* _Try it_: In the entries below, find the line containing "unfolding chi_def using" and the line containing "using True by (intro". Copy those two lines and everything between them exactly, and only that.

* * * * * * *

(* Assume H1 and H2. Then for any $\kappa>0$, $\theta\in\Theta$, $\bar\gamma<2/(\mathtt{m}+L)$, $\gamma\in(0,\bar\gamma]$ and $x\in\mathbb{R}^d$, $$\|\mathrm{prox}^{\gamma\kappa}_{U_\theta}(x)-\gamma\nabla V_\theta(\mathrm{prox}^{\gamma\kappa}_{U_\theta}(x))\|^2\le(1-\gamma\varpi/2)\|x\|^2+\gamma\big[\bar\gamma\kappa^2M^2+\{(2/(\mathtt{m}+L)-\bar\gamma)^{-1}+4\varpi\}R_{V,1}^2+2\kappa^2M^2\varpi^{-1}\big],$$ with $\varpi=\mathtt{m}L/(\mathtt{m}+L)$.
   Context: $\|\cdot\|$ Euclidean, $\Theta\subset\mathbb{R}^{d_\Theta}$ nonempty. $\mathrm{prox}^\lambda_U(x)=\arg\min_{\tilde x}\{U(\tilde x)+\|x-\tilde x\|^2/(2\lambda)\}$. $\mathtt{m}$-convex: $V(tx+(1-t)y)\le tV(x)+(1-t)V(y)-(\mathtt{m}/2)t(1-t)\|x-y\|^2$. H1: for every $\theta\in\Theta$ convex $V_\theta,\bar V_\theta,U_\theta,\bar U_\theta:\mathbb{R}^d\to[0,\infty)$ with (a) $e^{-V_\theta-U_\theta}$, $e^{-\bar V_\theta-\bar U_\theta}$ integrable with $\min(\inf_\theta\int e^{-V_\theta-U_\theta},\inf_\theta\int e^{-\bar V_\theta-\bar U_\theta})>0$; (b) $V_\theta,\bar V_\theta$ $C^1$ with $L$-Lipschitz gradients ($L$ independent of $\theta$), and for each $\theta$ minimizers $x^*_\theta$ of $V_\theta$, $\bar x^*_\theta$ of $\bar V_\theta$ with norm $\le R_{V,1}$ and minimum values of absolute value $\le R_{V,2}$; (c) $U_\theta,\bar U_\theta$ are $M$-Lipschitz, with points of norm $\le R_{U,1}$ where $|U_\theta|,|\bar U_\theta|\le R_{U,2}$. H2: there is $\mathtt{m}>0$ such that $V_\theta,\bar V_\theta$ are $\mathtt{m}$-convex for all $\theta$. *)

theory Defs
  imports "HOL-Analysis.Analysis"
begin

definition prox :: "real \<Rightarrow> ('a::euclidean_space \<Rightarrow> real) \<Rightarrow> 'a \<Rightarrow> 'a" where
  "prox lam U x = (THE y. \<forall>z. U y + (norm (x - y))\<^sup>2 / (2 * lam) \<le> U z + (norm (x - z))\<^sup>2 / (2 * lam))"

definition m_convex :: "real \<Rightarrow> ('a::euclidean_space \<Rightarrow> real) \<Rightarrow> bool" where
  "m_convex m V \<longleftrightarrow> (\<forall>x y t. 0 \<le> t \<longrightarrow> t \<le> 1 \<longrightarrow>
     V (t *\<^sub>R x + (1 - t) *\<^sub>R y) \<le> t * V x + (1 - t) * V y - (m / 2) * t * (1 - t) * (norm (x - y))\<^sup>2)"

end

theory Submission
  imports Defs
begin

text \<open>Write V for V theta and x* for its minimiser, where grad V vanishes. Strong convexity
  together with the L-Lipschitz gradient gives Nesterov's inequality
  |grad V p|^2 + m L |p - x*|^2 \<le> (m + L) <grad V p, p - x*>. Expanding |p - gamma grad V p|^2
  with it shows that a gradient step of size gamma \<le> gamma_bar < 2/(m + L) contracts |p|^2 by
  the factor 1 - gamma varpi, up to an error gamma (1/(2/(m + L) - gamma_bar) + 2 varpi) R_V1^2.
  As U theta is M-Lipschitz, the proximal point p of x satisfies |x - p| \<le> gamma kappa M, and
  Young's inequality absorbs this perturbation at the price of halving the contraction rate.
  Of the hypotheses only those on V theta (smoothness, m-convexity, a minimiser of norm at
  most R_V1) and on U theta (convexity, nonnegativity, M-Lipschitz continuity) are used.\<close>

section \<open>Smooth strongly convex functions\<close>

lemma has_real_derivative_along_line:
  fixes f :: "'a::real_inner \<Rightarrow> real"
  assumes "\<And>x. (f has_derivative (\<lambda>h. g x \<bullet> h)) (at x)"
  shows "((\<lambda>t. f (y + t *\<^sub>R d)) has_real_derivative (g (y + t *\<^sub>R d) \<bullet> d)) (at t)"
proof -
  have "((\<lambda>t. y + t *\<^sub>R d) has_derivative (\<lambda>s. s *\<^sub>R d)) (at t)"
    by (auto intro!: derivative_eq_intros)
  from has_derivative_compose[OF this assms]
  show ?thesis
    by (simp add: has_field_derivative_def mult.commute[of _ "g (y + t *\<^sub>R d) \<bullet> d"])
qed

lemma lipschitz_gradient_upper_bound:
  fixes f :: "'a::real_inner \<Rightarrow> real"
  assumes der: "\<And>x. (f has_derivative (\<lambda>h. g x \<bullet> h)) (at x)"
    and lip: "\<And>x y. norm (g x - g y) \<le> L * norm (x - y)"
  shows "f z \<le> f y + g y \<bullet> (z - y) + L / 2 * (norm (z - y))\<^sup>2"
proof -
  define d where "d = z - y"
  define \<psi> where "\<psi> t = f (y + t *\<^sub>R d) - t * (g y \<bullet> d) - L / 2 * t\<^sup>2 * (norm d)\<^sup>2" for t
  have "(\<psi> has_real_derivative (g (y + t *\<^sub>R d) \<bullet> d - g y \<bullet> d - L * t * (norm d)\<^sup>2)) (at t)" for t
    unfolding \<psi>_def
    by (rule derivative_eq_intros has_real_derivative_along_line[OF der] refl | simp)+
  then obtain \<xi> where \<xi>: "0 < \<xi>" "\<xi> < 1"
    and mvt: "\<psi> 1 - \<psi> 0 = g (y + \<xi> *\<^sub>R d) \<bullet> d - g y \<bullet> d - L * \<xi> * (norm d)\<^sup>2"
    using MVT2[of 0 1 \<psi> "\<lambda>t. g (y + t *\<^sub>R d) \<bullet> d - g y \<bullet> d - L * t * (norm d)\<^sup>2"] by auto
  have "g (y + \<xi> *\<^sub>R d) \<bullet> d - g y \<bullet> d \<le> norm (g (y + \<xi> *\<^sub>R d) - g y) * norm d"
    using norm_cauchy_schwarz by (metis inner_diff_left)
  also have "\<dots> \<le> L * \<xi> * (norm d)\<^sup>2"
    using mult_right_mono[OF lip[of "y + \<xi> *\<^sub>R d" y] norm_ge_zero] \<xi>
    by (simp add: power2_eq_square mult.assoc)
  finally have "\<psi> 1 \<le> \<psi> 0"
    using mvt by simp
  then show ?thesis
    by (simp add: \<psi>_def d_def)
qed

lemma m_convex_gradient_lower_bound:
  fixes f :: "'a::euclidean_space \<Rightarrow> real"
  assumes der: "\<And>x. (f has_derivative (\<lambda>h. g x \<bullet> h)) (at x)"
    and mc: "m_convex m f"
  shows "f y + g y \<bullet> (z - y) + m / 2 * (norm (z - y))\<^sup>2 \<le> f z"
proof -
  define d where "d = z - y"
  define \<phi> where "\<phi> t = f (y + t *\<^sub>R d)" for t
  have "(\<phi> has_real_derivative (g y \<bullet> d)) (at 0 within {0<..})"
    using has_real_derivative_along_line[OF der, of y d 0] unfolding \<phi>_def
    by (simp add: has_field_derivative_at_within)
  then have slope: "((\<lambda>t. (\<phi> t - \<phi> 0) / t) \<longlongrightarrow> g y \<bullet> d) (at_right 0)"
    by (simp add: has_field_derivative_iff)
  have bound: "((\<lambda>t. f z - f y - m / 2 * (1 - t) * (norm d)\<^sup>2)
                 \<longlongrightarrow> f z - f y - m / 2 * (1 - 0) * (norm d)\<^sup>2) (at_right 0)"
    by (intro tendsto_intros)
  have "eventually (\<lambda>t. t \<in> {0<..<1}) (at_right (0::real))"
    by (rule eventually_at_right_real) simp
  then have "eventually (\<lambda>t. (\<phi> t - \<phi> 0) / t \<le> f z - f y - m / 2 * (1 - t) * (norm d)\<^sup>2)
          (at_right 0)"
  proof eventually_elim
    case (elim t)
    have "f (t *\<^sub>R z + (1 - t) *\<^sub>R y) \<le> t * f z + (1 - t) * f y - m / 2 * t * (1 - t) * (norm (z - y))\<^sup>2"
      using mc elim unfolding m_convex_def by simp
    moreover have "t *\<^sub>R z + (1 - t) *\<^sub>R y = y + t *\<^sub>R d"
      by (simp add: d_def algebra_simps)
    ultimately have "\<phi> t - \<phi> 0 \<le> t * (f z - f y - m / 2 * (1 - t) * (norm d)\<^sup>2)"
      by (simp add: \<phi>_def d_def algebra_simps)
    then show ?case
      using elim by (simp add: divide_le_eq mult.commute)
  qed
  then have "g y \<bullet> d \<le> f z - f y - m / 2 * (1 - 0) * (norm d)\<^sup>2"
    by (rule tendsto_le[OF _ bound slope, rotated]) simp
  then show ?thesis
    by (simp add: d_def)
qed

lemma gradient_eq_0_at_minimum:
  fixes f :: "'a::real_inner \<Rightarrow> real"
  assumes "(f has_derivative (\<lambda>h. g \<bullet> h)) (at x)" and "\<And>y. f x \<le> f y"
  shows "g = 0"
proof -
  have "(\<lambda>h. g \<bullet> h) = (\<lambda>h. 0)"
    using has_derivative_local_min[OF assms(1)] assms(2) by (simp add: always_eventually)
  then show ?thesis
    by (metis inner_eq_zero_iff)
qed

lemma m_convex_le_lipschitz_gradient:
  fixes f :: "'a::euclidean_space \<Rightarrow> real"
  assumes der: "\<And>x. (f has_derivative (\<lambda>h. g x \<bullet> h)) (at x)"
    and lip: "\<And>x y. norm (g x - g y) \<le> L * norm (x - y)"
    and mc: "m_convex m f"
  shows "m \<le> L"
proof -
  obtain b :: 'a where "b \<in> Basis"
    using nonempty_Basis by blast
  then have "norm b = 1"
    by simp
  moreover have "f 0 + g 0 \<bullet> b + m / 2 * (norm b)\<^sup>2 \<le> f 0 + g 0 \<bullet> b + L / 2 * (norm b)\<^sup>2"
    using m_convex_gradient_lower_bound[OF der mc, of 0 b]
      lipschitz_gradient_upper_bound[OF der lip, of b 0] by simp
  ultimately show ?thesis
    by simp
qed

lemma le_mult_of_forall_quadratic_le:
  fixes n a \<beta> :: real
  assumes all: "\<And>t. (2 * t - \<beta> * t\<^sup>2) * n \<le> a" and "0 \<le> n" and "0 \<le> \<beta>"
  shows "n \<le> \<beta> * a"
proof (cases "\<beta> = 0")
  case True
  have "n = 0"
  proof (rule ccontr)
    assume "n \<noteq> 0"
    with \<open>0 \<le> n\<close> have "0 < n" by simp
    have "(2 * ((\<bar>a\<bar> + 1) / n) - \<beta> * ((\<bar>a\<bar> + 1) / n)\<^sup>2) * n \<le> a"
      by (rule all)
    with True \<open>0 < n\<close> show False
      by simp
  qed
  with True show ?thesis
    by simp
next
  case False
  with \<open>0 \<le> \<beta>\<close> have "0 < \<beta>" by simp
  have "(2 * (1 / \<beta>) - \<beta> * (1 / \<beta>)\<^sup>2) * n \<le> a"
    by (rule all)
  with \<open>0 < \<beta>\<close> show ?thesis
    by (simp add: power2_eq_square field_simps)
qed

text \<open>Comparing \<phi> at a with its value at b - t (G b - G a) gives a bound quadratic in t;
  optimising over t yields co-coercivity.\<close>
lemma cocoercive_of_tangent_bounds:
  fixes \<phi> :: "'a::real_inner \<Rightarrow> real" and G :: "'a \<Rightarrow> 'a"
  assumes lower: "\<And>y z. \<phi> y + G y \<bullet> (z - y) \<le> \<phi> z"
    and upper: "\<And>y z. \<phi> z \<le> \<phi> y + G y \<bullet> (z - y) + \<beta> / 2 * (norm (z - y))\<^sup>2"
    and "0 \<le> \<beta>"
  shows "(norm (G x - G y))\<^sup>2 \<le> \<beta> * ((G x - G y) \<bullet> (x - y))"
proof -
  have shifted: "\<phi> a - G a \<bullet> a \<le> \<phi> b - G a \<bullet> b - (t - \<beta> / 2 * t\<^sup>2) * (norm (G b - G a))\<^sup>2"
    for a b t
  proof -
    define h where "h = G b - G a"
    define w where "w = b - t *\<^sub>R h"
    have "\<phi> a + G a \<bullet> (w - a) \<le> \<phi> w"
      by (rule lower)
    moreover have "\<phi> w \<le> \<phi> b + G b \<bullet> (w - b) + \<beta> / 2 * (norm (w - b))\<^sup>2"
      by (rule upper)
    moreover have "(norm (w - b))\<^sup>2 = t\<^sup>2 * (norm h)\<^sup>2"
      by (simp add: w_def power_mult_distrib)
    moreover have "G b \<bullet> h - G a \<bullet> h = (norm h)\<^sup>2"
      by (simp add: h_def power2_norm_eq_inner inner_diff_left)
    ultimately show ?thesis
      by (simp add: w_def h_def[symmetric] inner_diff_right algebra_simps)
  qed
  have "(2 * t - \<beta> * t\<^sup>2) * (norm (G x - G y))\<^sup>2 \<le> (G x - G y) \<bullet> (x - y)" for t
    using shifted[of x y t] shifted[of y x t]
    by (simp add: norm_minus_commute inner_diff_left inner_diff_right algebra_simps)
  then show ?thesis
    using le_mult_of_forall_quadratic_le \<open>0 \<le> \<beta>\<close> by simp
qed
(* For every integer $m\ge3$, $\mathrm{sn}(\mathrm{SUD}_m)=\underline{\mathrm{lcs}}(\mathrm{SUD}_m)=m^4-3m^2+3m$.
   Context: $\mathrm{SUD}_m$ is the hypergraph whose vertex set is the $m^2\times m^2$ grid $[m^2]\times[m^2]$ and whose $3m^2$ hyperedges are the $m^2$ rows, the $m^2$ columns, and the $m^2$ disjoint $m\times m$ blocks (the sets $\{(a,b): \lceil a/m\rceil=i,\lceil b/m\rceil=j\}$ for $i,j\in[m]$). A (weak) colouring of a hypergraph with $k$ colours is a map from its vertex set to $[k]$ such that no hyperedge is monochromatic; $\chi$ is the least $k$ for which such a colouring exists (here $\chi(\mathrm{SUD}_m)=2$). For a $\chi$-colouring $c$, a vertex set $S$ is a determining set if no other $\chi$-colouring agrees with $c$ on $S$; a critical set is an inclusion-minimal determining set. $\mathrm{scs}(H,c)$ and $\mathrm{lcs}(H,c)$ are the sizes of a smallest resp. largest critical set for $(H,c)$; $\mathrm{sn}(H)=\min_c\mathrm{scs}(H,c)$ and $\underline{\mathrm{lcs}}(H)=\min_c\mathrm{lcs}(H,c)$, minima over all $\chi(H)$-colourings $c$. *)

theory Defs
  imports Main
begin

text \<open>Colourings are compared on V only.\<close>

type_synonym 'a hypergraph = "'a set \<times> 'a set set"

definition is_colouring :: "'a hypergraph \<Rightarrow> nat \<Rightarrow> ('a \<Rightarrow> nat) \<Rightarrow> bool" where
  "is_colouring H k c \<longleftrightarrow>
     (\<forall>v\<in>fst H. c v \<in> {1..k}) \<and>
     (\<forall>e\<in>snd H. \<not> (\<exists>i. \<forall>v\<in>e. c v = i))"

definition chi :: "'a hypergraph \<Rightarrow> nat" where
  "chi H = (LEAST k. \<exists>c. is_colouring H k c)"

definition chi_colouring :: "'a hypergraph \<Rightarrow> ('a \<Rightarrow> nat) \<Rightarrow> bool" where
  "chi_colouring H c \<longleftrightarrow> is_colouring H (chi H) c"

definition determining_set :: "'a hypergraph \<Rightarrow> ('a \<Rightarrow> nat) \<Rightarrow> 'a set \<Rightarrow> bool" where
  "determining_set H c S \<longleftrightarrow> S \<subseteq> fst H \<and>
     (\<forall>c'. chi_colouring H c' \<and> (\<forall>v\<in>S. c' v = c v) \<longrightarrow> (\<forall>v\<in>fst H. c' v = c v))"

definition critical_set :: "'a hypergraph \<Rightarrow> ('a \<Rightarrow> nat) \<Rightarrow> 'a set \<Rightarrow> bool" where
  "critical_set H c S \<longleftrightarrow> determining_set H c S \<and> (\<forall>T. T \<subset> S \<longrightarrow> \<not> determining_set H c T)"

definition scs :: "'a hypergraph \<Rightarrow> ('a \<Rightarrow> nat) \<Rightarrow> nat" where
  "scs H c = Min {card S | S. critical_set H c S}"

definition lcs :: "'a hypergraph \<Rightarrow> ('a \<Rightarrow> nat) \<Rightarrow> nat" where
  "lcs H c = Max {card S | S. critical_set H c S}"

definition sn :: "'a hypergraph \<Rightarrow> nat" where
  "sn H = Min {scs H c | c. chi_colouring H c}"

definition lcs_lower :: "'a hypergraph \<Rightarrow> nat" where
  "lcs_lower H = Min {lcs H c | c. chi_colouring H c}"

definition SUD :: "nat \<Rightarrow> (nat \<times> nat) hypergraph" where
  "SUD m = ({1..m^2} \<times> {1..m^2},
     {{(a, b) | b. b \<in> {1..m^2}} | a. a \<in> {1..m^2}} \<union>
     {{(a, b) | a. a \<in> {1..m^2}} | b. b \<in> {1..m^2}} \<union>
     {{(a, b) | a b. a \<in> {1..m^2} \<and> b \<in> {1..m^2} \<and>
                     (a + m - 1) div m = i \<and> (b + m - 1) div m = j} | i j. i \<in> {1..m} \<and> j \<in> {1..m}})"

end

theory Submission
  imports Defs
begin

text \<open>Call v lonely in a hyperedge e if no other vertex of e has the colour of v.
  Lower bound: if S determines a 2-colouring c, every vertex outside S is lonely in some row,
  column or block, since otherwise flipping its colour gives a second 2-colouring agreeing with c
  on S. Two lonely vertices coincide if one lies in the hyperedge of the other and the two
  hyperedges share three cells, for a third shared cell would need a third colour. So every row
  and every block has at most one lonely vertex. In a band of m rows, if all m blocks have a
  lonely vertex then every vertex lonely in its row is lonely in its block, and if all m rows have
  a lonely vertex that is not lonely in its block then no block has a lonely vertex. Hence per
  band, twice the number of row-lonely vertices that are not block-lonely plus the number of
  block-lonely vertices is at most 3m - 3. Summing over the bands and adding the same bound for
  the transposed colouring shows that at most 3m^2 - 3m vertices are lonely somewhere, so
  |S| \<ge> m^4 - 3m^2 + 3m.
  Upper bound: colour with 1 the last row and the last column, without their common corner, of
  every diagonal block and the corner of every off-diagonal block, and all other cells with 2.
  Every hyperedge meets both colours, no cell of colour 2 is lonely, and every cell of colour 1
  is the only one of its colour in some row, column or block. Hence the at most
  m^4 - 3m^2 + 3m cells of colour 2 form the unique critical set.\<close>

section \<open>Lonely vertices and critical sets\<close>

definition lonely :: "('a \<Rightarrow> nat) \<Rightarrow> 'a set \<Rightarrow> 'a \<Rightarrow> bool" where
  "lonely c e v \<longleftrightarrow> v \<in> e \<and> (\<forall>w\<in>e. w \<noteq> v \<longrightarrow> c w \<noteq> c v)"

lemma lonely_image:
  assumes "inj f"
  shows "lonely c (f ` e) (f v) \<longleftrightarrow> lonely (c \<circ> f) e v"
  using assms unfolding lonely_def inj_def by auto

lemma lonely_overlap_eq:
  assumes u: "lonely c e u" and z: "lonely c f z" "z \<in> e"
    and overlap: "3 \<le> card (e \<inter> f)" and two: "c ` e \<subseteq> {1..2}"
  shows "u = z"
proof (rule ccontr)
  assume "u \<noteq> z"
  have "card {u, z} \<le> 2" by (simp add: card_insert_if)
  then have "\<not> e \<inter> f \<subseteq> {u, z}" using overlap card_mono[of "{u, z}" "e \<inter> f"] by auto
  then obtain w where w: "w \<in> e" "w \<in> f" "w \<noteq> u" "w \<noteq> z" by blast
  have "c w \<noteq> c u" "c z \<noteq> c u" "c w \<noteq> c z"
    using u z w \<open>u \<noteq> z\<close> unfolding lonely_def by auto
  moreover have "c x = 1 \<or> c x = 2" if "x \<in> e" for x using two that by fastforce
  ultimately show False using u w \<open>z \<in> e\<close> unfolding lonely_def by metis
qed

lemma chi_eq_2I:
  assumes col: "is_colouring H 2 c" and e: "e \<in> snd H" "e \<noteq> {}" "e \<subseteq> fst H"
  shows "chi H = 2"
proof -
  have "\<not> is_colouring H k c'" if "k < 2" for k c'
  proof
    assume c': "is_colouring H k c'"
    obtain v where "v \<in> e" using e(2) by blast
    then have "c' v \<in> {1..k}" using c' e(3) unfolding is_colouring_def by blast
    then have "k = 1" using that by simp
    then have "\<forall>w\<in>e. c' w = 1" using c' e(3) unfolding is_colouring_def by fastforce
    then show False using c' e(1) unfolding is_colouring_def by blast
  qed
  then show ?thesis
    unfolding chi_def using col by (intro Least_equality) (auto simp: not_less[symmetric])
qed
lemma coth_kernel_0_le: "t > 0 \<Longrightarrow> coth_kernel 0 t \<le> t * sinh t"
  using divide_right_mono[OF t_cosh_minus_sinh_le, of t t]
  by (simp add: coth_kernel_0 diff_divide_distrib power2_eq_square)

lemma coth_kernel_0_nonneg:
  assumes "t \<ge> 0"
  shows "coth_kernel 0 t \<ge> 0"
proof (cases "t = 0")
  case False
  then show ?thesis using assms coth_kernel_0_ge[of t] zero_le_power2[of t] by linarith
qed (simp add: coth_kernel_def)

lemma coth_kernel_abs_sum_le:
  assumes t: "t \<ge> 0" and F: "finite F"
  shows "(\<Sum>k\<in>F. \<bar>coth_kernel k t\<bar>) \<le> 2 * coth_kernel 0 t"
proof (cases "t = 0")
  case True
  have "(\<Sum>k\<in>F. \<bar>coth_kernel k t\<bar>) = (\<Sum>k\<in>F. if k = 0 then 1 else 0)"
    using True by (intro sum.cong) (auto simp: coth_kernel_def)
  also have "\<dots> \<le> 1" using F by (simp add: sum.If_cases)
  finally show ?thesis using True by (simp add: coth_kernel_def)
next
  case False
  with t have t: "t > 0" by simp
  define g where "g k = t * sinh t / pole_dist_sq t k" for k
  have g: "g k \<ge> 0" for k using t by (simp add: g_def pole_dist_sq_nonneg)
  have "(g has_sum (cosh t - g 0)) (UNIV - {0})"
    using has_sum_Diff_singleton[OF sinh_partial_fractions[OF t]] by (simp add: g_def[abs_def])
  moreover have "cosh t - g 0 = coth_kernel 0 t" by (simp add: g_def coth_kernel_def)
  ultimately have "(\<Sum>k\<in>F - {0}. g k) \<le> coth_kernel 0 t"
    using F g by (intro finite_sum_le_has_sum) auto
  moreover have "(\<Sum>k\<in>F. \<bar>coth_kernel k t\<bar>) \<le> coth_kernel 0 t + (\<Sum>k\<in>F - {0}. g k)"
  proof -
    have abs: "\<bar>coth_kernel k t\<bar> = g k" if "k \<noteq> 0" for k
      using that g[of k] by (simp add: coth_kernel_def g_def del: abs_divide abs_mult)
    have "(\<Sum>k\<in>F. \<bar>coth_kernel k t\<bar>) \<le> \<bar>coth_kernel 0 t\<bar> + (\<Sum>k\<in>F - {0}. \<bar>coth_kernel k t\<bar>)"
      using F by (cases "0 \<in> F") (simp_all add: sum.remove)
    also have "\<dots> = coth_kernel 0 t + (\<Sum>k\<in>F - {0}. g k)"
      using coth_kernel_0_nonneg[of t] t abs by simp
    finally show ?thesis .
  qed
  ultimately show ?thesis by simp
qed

* * * * * * *

* _Response_:
    unfolding chi_def using col by (intro Least_equality) (auto simp: not_less[symmetric])
qed
lemma coth_kernel_0_le: "t > 0 \<Longrightarrow> coth_kernel 0 t \<le> t * sinh t"
  using divide_right_mono[OF t_cosh_minus_sinh_le, of t t]
  by (simp add: coth_kernel_0 diff_divide_distrib power2_eq_square)

lemma coth_kernel_0_nonneg:
  assumes "t \<ge> 0"
  shows "coth_kernel 0 t \<ge> 0"
proof (cases "t = 0")
  case False
  then show ?thesis using assms coth_kernel_0_ge[of t] zero_le_power2[of t] by linarith
qed (simp add: coth_kernel_def)

lemma coth_kernel_abs_sum_le:
  assumes t: "t \<ge> 0" and F: "finite F"
  shows "(\<Sum>k\<in>F. \<bar>coth_kernel k t\<bar>) \<le> 2 * coth_kernel 0 t"
proof (cases "t = 0")
  case True
  have "(\<Sum>k\<in>F. \<bar>coth_kernel k t\<bar>) = (\<Sum>k\<in>F. if k = 0 then 1 else 0)"
    using True by (intro sum.cong) (auto simp: coth_kernel_def)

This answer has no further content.